**Work to complete:**
From the entries that follow, reproduce exactly and only the lines from the line with "0)) - (\<Sum>k<M." to the line with "k)) - (\<Sum>k<M.", endpoints included.

::: Given data :::

(* In the setting of the context, let $V$ be the exact output covariance matrix and $V_a$ the block-diagonal approximate covariance matrix. Then $$\|V-V_a\|^2\le e^{4r}N^4\big(\eta+2\sqrt{\eta}\big)^2,$$ where $\|\cdot\|$ is the Frobenius norm and $\eta=\max_\alpha\eta_\alpha$.
   Context: $M$ modes partitioned into $N$ disjoint sublattices $\mathcal L_1,\dots,\mathcal L_N$ (each of $M/N$ modes), each containing exactly one source mode $s_\alpha$. A passive linear-optical circuit with $M\times M$ unitary $U$ ($\hat a_j\mapsto\sum_kU_{jk}\hat a_k$) has real orthogonal symplectic representation $O$. Covariance conventions: $\hat x_j=(\hat a_j+\hat a_j^\dagger)/\sqrt2$, $\hat p_j=i(\hat a_j^\dagger-\hat a_j)/\sqrt2$, $V_{jk}=\tfrac12\mathrm{Tr}[\hat\rho\{\hat Q_j,\hat Q_k\}]$ with $\hat Q=(\hat x_1,\hat p_1,\dots,\hat x_M,\hat p_M)$, vacuum $=\mathbb 1/2$. Input: each source mode is a squeezed vacuum with parameter $r>0$ (covariance block $\tfrac12\mathrm{diag}(e^{2r},e^{-2r})$), all other modes vacuum; $V_{\mathrm{in}}$ is its covariance and $V=OV_{\mathrm{in}}O^T$. For each $\alpha$, let $V^{(\alpha)}_{\mathrm{in}}$ be the covariance with only $s_\alpha$ squeezed and all other modes vacuum, and let $v'_\alpha$ be the restriction of $OV^{(\alpha)}_{\mathrm{in}}O^T$ to the quadratures of modes in $\mathcal L_\alpha$. $V_a$ is the block-diagonal matrix (with respect to the sublattice partition) with diagonal blocks $v'_1,\dots,v'_N$, i.e. the covariance of the product state $\bigotimes_\alpha\hat\rho_\alpha$. The leakage rate of source $\alpha$ is $\eta_\alpha=\sum_{j\notin\mathcal L_\alpha}|U_{j,s_\alpha}|^2$. *)

theory Defs
  imports Complex_Main
begin

(* Matrices are functions nat => nat => _ with explicit bounds.
   Quadrature index convention (0-based): quadrature 2*j is x_j, 2*j+1 is p_j,
   for modes j < M. *)

definition unitary_mat :: "nat \<Rightarrow> (nat \<Rightarrow> nat \<Rightarrow> complex) \<Rightarrow> bool" where
  "unitary_mat M U \<longleftrightarrow>
     (\<forall>j<M. \<forall>l<M. (\<Sum>k<M. U j k * cnj (U l k)) = (if j = l then 1 else 0))"

(* real orthogonal symplectic representation O of the mode map a_j -> sum_k U_jk a_k,
   with x = (a + a^dag)/sqrt 2, p = i(a^dag - a)/sqrt 2:
   x_j -> sum_k (Re U_jk x_k - Im U_jk p_k),  p_j -> sum_k (Im U_jk x_k + Re U_jk p_k) *)
definition realrep :: "(nat \<Rightarrow> nat \<Rightarrow> complex) \<Rightarrow> nat \<Rightarrow> nat \<Rightarrow> real" where
  "realrep U q q' =
     (let u = U (q div 2) (q' div 2) in
      if even q \<and> even q' then Re u
      else if even q \<and> odd q' then - Im u
      else if odd q \<and> even q' then Im u
      else Re u)"

definition cov_transform :: "nat \<Rightarrow> (nat \<Rightarrow> nat \<Rightarrow> real) \<Rightarrow> (nat \<Rightarrow> nat \<Rightarrow> real) \<Rightarrow> nat \<Rightarrow> nat \<Rightarrow> real" where
  "cov_transform M R V q q' = (\<Sum>a<2*M. \<Sum>b<2*M. R q a * V a b * R q' b)"

(* input covariance: modes in S are squeezed vacua with parameter r
   (block 1/2 diag(e^{2r}, e^{-2r})), all other modes vacuum (1/2 identity) *)
definition sq_input :: "nat set \<Rightarrow> real \<Rightarrow> nat \<Rightarrow> nat \<Rightarrow> real" where
  "sq_input S r q q' =
     (if q = q' then
        (if q div 2 \<in> S then (if even q then exp (2*r) / 2 else exp (-2*r) / 2) else 1/2)
      else 0)"

definition exact_cov :: "nat \<Rightarrow> nat \<Rightarrow> (nat \<Rightarrow> nat) \<Rightarrow> real \<Rightarrow> (nat \<Rightarrow> nat \<Rightarrow> complex) \<Rightarrow> nat \<Rightarrow> nat \<Rightarrow> real" where
  "exact_cov M N s r U = cov_transform M (realrep U) (sq_input (s ` {..<N}) r)"

(* block-diagonal approximation V_a: block alpha is the restriction to L_alpha of
   O V_in^(alpha) O^T; off-diagonal blocks are zero. lat j is the sublattice of mode j. *)
definition approx_cov :: "nat \<Rightarrow> (nat \<Rightarrow> nat) \<Rightarrow> (nat \<Rightarrow> nat) \<Rightarrow> real \<Rightarrow> (nat \<Rightarrow> nat \<Rightarrow> complex) \<Rightarrow> nat \<Rightarrow> nat \<Rightarrow> real" where
  "approx_cov M lat s r U q q' =
     (if lat (q div 2) = lat (q' div 2)
      then cov_transform M (realrep U) (sq_input {s (lat (q div 2))} r) q q'
      else 0)"

definition leakage :: "nat \<Rightarrow> (nat \<Rightarrow> nat) \<Rightarrow> (nat \<Rightarrow> nat) \<Rightarrow> (nat \<Rightarrow> nat \<Rightarrow> complex) \<Rightarrow> nat \<Rightarrow> real" where
  "leakage M lat s U \<alpha> = (\<Sum>j | j < M \<and> lat j \<noteq> \<alpha>. (cmod (U j (s \<alpha>)))^2)"

definition frob_sq :: "nat \<Rightarrow> (nat \<Rightarrow> nat \<Rightarrow> real) \<Rightarrow> real" where
  "frob_sq M A = (\<Sum>q<2*M. \<Sum>q'<2*M. (A q q')^2)"

end

theory Submission
  imports Defs "HOL-Analysis.Convex"
begin

(* Squeezing source s_alpha adds to O V_in O^T a rank-two term G_alpha, and V - V_a is the sum over
   alpha of G_alpha with its L_alpha-diagonal block removed (the vacuum part 1/2 O O^T is the
   identity, which V_a reproduces exactly). Each entry of G_alpha is bounded by
   sinh(2r) |U_{j s_alpha}| |U_{j' s_alpha}|; since the column of s_alpha has norm at most 1, the
   mass of this product outside the L_alpha x L_alpha block is at most 2 eta_alpha. Cauchy-Schwarz
   over the N sources and 4 sinh(2r)^2 <= e^(4r) finish the estimate. *)

lemma sum_lessThan_double:
  "(\<Sum>a<2*(M::nat). f a) = (\<Sum>k<M. f (2*k) + f (2*k+1) :: 'a :: comm_monoid_add)"
  by (induction M) (simp_all add: algebra_simps)

lemma sum_lessThan_double_div2:
  "(\<Sum>q<2*(M::nat). g (q div 2)) = 2 * (\<Sum>k<M. g k :: real)"
  by (simp add: sum_lessThan_double sum_distrib_left)

lemma unitary_mat_column_sq_sum_le_1:
  assumes U: "unitary_mat M U" and m: "m < M"
  shows "(\<Sum>j<M. (cmod (U j m))^2) \<le> 1"
proof -
  define c where "c j = U j m" for j
  \<comment> \<open>Bessel's inequality: w is the unit vector e_m minus its projection onto the rows of U.\<close>
  define w where "w k = (if k = m then 1 else 0) - (\<Sum>j<M. cnj (c j) * U j k)" for k
  have cnj_w: "cnj (w k) = (if k = m then 1 else 0) - (\<Sum>l<M. c l * cnj (U l k))" for k
    by (simp add: w_def)
  have w_orth: "(\<Sum>k<M. U j k * cnj (w k)) = 0" if "j < M" for j
  proof -
    have "(\<Sum>k<M. U j k * cnj (w k))
        = (\<Sum>k<M. U j k * (if k = m then 1 else 0)) - (\<Sum>k<M. \<Sum>l<M. c l * (U j k * cnj (U l k)))"
      by (simp add: cnj_w right_diff_distrib sum_subtractf sum_distrib_left mult.left_commute)
    also have "(\<Sum>k<M. \<Sum>l<M. c l * (U j k * cnj (U l k))) = (\<Sum>l<M. c l * (\<Sum>k<M. U j k * cnj (U l k)))"
      by (subst sum.swap) (simp add: sum_distrib_left)
    also have "\<dots> = (\<Sum>l<M. if j = l then c l else 0)"
      using U that unfolding unitary_mat_def by (intro sum.cong) auto
    also have "(\<Sum>k<M. U j k * (if k = m then 1 else 0)) = c j"
      using m by (simp add: c_def if_distrib[of "(*) (U j _)"] cong: if_cong)
    finally show ?thesis using that by simp
  qed
  have "(\<Sum>k<M. w k * cnj (w k))
      = (\<Sum>k<M. (if k = m then 1 else 0) * cnj (w k)) - (\<Sum>k<M. \<Sum>j<M. cnj (c j) * (U j k * cnj (w k)))"
    by (simp add: w_def[of k for k] left_diff_distrib sum_subtractf sum_distrib_right mult.assoc)
  also have "(\<Sum>k<M. \<Sum>j<M. cnj (c j) * (U j k * cnj (w k))) = (\<Sum>j<M. cnj (c j) * (\<Sum>k<M. U j k * cnj (w k)))"
    by (subst sum.swap) (simp add: sum_distrib_left)
  also have "(\<Sum>j<M. cnj (c j) * (\<Sum>k<M. U j k * cnj (w k))) = 0"
    by (intro sum.neutral) (simp add: w_orth)
  also have "(\<Sum>k<M. (if k = m then 1 else 0) * cnj (w k)) = cnj (w m)"
    using m by (simp add: if_distrib[where f="\<lambda>x. x * cnj (w _)"] cong: if_cong)
  also have "cnj (w m) = 1 - (\<Sum>j<M. c j * cnj (c j))"
    by (simp add: w_def c_def)
  finally have "complex_of_real (\<Sum>k<M. (cmod (w k))^2) = of_real (1 - (\<Sum>j<M. (cmod (c j))^2))"
    by (simp only: of_real_sum of_real_diff of_real_1 complex_norm_square diff_zero)
  then have "(\<Sum>k<M. (cmod (w k))^2) = 1 - (\<Sum>j<M. (cmod (c j))^2)"
    by (rule of_real_eq_iff[THEN iffD1])
  moreover have "0 \<le> (\<Sum>k<M. (cmod (w k))^2)" by (simp add: sum_nonneg)
  ultimately show ?thesis by (simp add: c_def)
qed

lemma realrep_even: "realrep U q (2*k) = (if even q then Re (U (q div 2) k) else Im (U (q div 2) k))"
  by (simp add: realrep_def Let_def)

lemma realrep_odd: "realrep U q (2*k+1) = (if even q then - Im (U (q div 2) k) else Re (U (q div 2) k))"
  by (simp add: realrep_def Let_def)

lemma realrep_rows_orthogonal:
  assumes U: "unitary_mat M U" and "q div 2 < M" "q' div 2 < M" "q div 2 \<noteq> q' div 2"
  shows "(\<Sum>a<2*M. realrep U q a * realrep U q' a) = 0"
proof -
  define z where "z = (\<Sum>k<M. U (q div 2) k * cnj (U (q' div 2) k))"
  have "z = 0" using U assms unfolding z_def unitary_mat_def by auto
  moreover have "(\<Sum>a<2*M. realrep U q a * realrep U q' a) =
     (if even q then (if even q' then Re z else - Im z) else (if even q' then Im z else Re z))"
    unfolding sum_lessThan_double realrep_even realrep_odd z_def
    by (cases "even q"; cases "even q'") (simp_all add: Re_sum Im_sum algebra_simps sum_negf sum_subtractf)
  ultimately show ?thesis by simp
qed

definition squeeze_contrib :: "(nat \<Rightarrow> nat \<Rightarrow> real) \<Rightarrow> real \<Rightarrow> nat \<Rightarrow> nat \<Rightarrow> nat \<Rightarrow> real" where
  "squeeze_contrib R r q q' m =
     (exp (2*r) - 1) / 2 * R q (2*m) * R q' (2*m) + (exp (-2*r) - 1) / 2 * R q (2*m+1) * R q' (2*m+1)"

:::

**Answer to this exercise:**
        = (\<Sum>k<M. U j k * (if k = m then 1 else 0)) - (\<Sum>k<M. \<Sum>l<M. c l * (U j k * cnj (U l k)))"
      by (simp add: cnj_w right_diff_distrib sum_subtractf sum_distrib_left mult.left_commute)
    also have "(\<Sum>k<M. \<Sum>l<M. c l * (U j k * cnj (U l k))) = (\<Sum>l<M. c l * (\<Sum>k<M. U j k * cnj (U l k)))"
      by (subst sum.swap) (simp add: sum_distrib_left)
    also have "\<dots> = (\<Sum>l<M. if j = l then c l else 0)"
      using U that unfolding unitary_mat_def by (intro sum.cong) auto
    also have "(\<Sum>k<M. U j k * (if k = m then 1 else 0)) = c j"
      using m by (simp add: c_def if_distrib[of "(*) (U j _)"] cong: if_cong)
    finally show ?thesis using that by simp
  qed
  have "(\<Sum>k<M. w k * cnj (w k))
      = (\<Sum>k<M. (if k = m then 1 else 0) * cnj (w k)) - (\<Sum>k<M. \<Sum>j<M. cnj (c j) * (U j k * cnj (w k)))"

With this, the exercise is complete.